> Don Cohenwrote:
> >The code that you did not include:
> (with-open-file (f "/tmp/bytes" :external-format CHARSET:ISO-8859-1)
> (loop for i from 0 while (setf c (read-char f nil nil))
> unless (= i (char-code c)) do (princ (cons i (char-code c)))))
> (13 . 10)
> >shows that reading with external-format CHARSET:ISO-8859-1 recovers
> >all of those bytes as corresponding characters except for CR => LF.
> Please repeat the test using ext:convert-string-to/from-bytes
> rathern than character based stream functions.
I don't understand what test you have in mind here.
You mean read the file as bytes and then convert to string?
That does seem to preserve the difference between CR and LF, though
I'm not exactly sure why - does it depend on the encoding?
I gather there's no way to get that result with character IO.

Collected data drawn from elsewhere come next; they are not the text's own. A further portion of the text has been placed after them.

text \<open>Polynomial functions in the variables t_0..t_(n-1) with coefficients in L
  (F is infinite, so these are the same as polynomials in L[t_0,...,t_(n-1)]).\<close>
inductive polyfun :: "'a::field set \<Rightarrow> nat \<Rightarrow> ((nat \<Rightarrow> 'a) \<Rightarrow> 'a) \<Rightarrow> bool"
  for L n where
  const: "c \<in> L \<Longrightarrow> polyfun L n (\<lambda>x. c)"
| var: "i < n \<Longrightarrow> polyfun L n (\<lambda>x. x i)"
| add: "polyfun L n f \<Longrightarrow> polyfun L n g \<Longrightarrow> polyfun L n (\<lambda>x. f x + g x)"
| mult: "polyfun L n f \<Longrightarrow> polyfun L n g \<Longrightarrow> polyfun L n (\<lambda>x. f x * g x)"

definition zclos :: "nat \<Rightarrow> (nat \<Rightarrow> 'a::field) set \<Rightarrow> (nat \<Rightarrow> 'a) set" where
  "zclos n S = {x \<in> aspace n. \<forall>f. polyfun UNIV n f \<and> (\<forall>y\<in>S. f y = 0) \<longrightarrow> f x = 0}"

definition zclosed :: "nat \<Rightarrow> (nat \<Rightarrow> 'a::field) set \<Rightarrow> bool" where
  "zclosed n Z \<longleftrightarrow> Z \<subseteq> aspace n \<and> zclos n Z = Z"

definition zirreducible :: "nat \<Rightarrow> (nat \<Rightarrow> 'a::field) set \<Rightarrow> bool" where
  "zirreducible n Z \<longleftrightarrow> Z \<noteq> {} \<and> zclosed n Z \<and>
     (\<forall>A B. zclosed n A \<longrightarrow> zclosed n B \<longrightarrow> Z = A \<union> B \<longrightarrow> Z = A \<or> Z = B)"

definition zcomponent :: "nat \<Rightarrow> (nat \<Rightarrow> 'a::field) set \<Rightarrow> (nat \<Rightarrow> 'a) set \<Rightarrow> bool" where
  "zcomponent n Z W \<longleftrightarrow> zirreducible n Z \<and> Z \<subseteq> W \<and>
     (\<forall>Z'. zirreducible n Z' \<longrightarrow> Z \<subseteq> Z' \<longrightarrow> Z' \<subseteq> W \<longrightarrow> Z' = Z)"

text \<open>A vector of m univariate rational functions given as (numerator, denominator) pairs,
  indexed by r < m.\<close>
definition rdefined :: "nat \<Rightarrow> (nat \<Rightarrow> 'a::field poly \<times> 'a poly) \<Rightarrow> 'a \<Rightarrow> bool" where
  "rdefined m \<psi> t \<longleftrightarrow> (\<forall>r<m. poly (snd (\<psi> r)) t \<noteq> 0)"

definition reval :: "nat \<Rightarrow> (nat \<Rightarrow> 'a::field poly \<times> 'a poly) \<Rightarrow> 'a \<Rightarrow> (nat \<Rightarrow> 'a)" where
  "reval m \<psi> t = (\<lambda>r. if r < m then poly (fst (\<psi> r)) t / poly (snd (\<psi> r)) t else 0)"

definition rimage :: "nat \<Rightarrow> (nat \<Rightarrow> 'a::field poly \<times> 'a poly) \<Rightarrow> (nat \<Rightarrow> 'a) set" where
  "rimage m \<psi> = reval m \<psi> ` {t. rdefined m \<psi> t}"

definition rvec_over :: "'a::field set \<Rightarrow> nat \<Rightarrow> (nat \<Rightarrow> 'a poly \<times> 'a poly) \<Rightarrow> bool" where
  "rvec_over L m \<psi> \<longleftrightarrow> (\<forall>r<m. snd (\<psi> r) \<noteq> 0 \<and> set (coeffs (fst (\<psi> r))) \<subseteq> L
        \<and> set (coeffs (snd (\<psi> r))) \<subseteq> L)"

text \<open>Proper (birational onto its image): the generic fibre has exactly one point.\<close>
definition proper_param :: "nat \<Rightarrow> (nat \<Rightarrow> 'a::field poly \<times> 'a poly) \<Rightarrow> bool" where
  "proper_param m \<psi> \<longleftrightarrow> finite {t0. rdefined m \<psi> t0 \<and>
      (\<exists>t. rdefined m \<psi> t \<and> t \<noteq> t0 \<and> reval m \<psi> t = reval m \<psi> t0)}"

definition defined_over :: "'a::field set \<Rightarrow> nat \<Rightarrow> (nat \<Rightarrow> 'a) set \<Rightarrow> bool" where
  "defined_over K m C \<longleftrightarrow> (\<exists>S. (\<forall>f\<in>S. polyfun K m f) \<and> C = {x \<in> aspace m. \<forall>f\<in>S. f x = 0})"

definition rat_of :: "'a::field poly \<times> 'a poly \<Rightarrow> 'a poly fract" where
  "rat_of pq = Fract (fst pq) (snd pq)"

definition map_ratfun :: "('a::field \<Rightarrow> 'a) \<Rightarrow> 'a poly fract \<Rightarrow> 'a poly fract" where
  "map_ratfun \<tau> f = (SOME g. \<exists>p q. q \<noteq> 0 \<and> f = Fract p q \<and> g = Fract (map_poly \<tau> p) (map_poly \<tau> q))"

text \<open>u_k(t) = sum_(l<n) beta^l phi_l(t), where beta = alpha_k.\<close>
definition u_fun :: "'a::field \<Rightarrow> nat \<Rightarrow> (nat \<Rightarrow> 'a poly \<times> 'a poly) \<Rightarrow> 'a poly fract" where
  "u_fun \<beta> n \<phi> = (\<Sum>l<n. Fract [:\<beta> ^ l:] 1 * rat_of (\<phi> l))"

definition hyper_open :: "nat \<Rightarrow> nat \<Rightarrow> (nat \<Rightarrow> nat \<Rightarrow> (nat \<Rightarrow> 'a::field) \<Rightarrow> 'a)
     \<Rightarrow> ((nat \<Rightarrow> 'a) \<Rightarrow> 'a) \<Rightarrow> (nat \<Rightarrow> 'a) set" where
  "hyper_open n m Fs D = {x \<in> aspace n. (\<forall>l\<in>{1..<n}. \<forall>r<m. Fs l r x = 0) \<and> D x \<noteq> 0}"

end

theory Submission
  imports Defs
begin

text \<open>Since \<tau> fixes \<open>K(\<alpha>)\<close>, it fixes the coefficients of the standard parametrization \<open>\<phi>\<close>;
  applying \<tau> to the coefficients of \<open>u\<^sub>i = \<Sum>\<^sub>l \<alpha>\<^sub>i\<^sup>l \<phi>\<^sub>l\<close> therefore only replaces
  \<open>\<alpha>\<^sub>i\<^sup>l\<close> by \<open>\<tau>(\<alpha>\<^sub>i)\<^sup>l = \<alpha>\<^sub>j\<^sup>l\<close>, which gives \<open>u\<^sub>j\<close>.  The work lies in checking that
  the choice-based coefficient action on rational functions is well defined and is a ring
  homomorphism.\<close>

locale field_hom =
  fixes \<tau> :: "'a::field \<Rightarrow> 'a"
  assumes hom_add: "\<tau> (x + y) = \<tau> x + \<tau> y"
    and hom_mult: "\<tau> (x * y) = \<tau> x * \<tau> y"
    and hom_1: "\<tau> 1 = 1"
begin

lemma hom_0: "\<tau> 0 = 0"
  using hom_add[of 0 0] by (metis add.right_neutral add_left_cancel)

lemma hom_sum: "\<tau> (\<Sum>i\<in>A. f i) = (\<Sum>i\<in>A. \<tau> (f i))"
  by (induction A rule: infinite_finite_induct) (auto simp: hom_0 hom_add)

lemma hom_power: "\<tau> (x ^ k) = \<tau> x ^ k"
  by (induction k) (auto simp: hom_1 hom_mult)

lemma hom_eq_0_iff: "\<tau> x = 0 \<longleftrightarrow> x = 0"
proof
  assume "\<tau> x = 0"
  moreover have "\<tau> x * \<tau> (inverse x) = 1" if "x \<noteq> 0"
    using that by (simp flip: hom_mult add: hom_1)
  ultimately show "x = 0" by force
qed (simp add: hom_0)

lemma coeff_map_poly_hom: "coeff (map_poly \<tau> p) k = \<tau> (coeff p k)"
  by (simp add: coeff_map_poly hom_0)

lemma map_poly_add: "map_poly \<tau> (p + q) = map_poly \<tau> p + map_poly \<tau> q"
  by (rule poly_eqI) (simp add: coeff_map_poly_hom hom_add)

lemma map_poly_mult: "map_poly \<tau> (p * q) = map_poly \<tau> p * map_poly \<tau> q"
  by (rule poly_eqI) (simp add: coeff_map_poly_hom coeff_mult hom_sum hom_mult)

lemma map_poly_hom_eq_0_iff: "map_poly \<tau> p = 0 \<longleftrightarrow> p = 0"
  by (rule map_poly_eq_0_iff) (simp_all add: hom_0 hom_eq_0_iff)

lemma map_poly_const: "map_poly \<tau> [:c:] = [:\<tau> c:]"
  by (simp add: map_poly_pCons hom_0)

lemma map_ratfun_Fract:
  assumes "q \<noteq> 0"
  shows "map_ratfun \<tau> (Fract p q) = Fract (map_poly \<tau> p) (map_poly \<tau> q)"
  unfolding map_ratfun_def
proof (rule someI2)
  show "\<exists>p' q'. q' \<noteq> 0 \<and> Fract p q = Fract p' q' \<and>
      Fract (map_poly \<tau> p) (map_poly \<tau> q) = Fract (map_poly \<tau> p') (map_poly \<tau> q')"
    using assms by blast
next
  fix g
  assume "\<exists>p' q'. q' \<noteq> 0 \<and> Fract p q = Fract p' q' \<and> g = Fract (map_poly \<tau> p') (map_poly \<tau> q')"
  then obtain p' q' where q': "q' \<noteq> 0" and eq: "Fract p q = Fract p' q'"
    and g: "g = Fract (map_poly \<tau> p') (map_poly \<tau> q')" by blast
  have "p * q' = p' * q"
    using eq assms q' by (simp add: eq_fract)
  then have "map_poly \<tau> p * map_poly \<tau> q' = map_poly \<tau> p' * map_poly \<tau> q"
    by (metis map_poly_mult)
  then show "g = Fract (map_poly \<tau> p) (map_poly \<tau> q)"
    using g assms q' by (simp add: eq_fract map_poly_hom_eq_0_iff)
qed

And note that the directory function does not offer the choice of
characters vs bytes. So I see no way to use only ansi standard
functions in clisp that can distinguish between files with names
containing CR's and LF's.
> >>Modern UNIX environments use UTF-8
> >Again, I don't understand what you're trying to tell me here.
> What I mean is that the average UNIX FS these days is configured to
> use UTF-8.
What can that mean, given that you can put any sequence of bytes not
containing / or null into a file name? I see no character set
arguments, e.g., in man mkfs.ext4(8). I suppose it has more to do
with how keyboard events are interpreted and how sequences of bytes
are displayed in windows than with anything related to the file
> I advise against using ISO-8859-1 to read UNIX file names into Lisp
> strings on the basis that it's a 1:1 encoding. Only UTF-8 appears
> like a reasonable default choice nowadays (you may always override
> curstom:*pathname-encoding*), perhaps with Pascal's added
> suggestion about polymorphism: return a string if it can be read as
> UTF-8, otherwise a byte array. Uh oh. Not ideal, but IMHO better
> in some way than misrepresent all UTF-8 Umlauts using Latin-1. This
> is not Python 1.x!
I think your preference must be related to the fact that these
characters mean more to you than to me, and you imagine that when you
get a file from some other place, the intent of the creator was that
the bytes in the name be interpreted in UTF-8. This is not
necessarily the case. If you want to search for file names containing
Umlauts then some such assumption is necessary, but for many other
purposes, such as copying directories, it is not.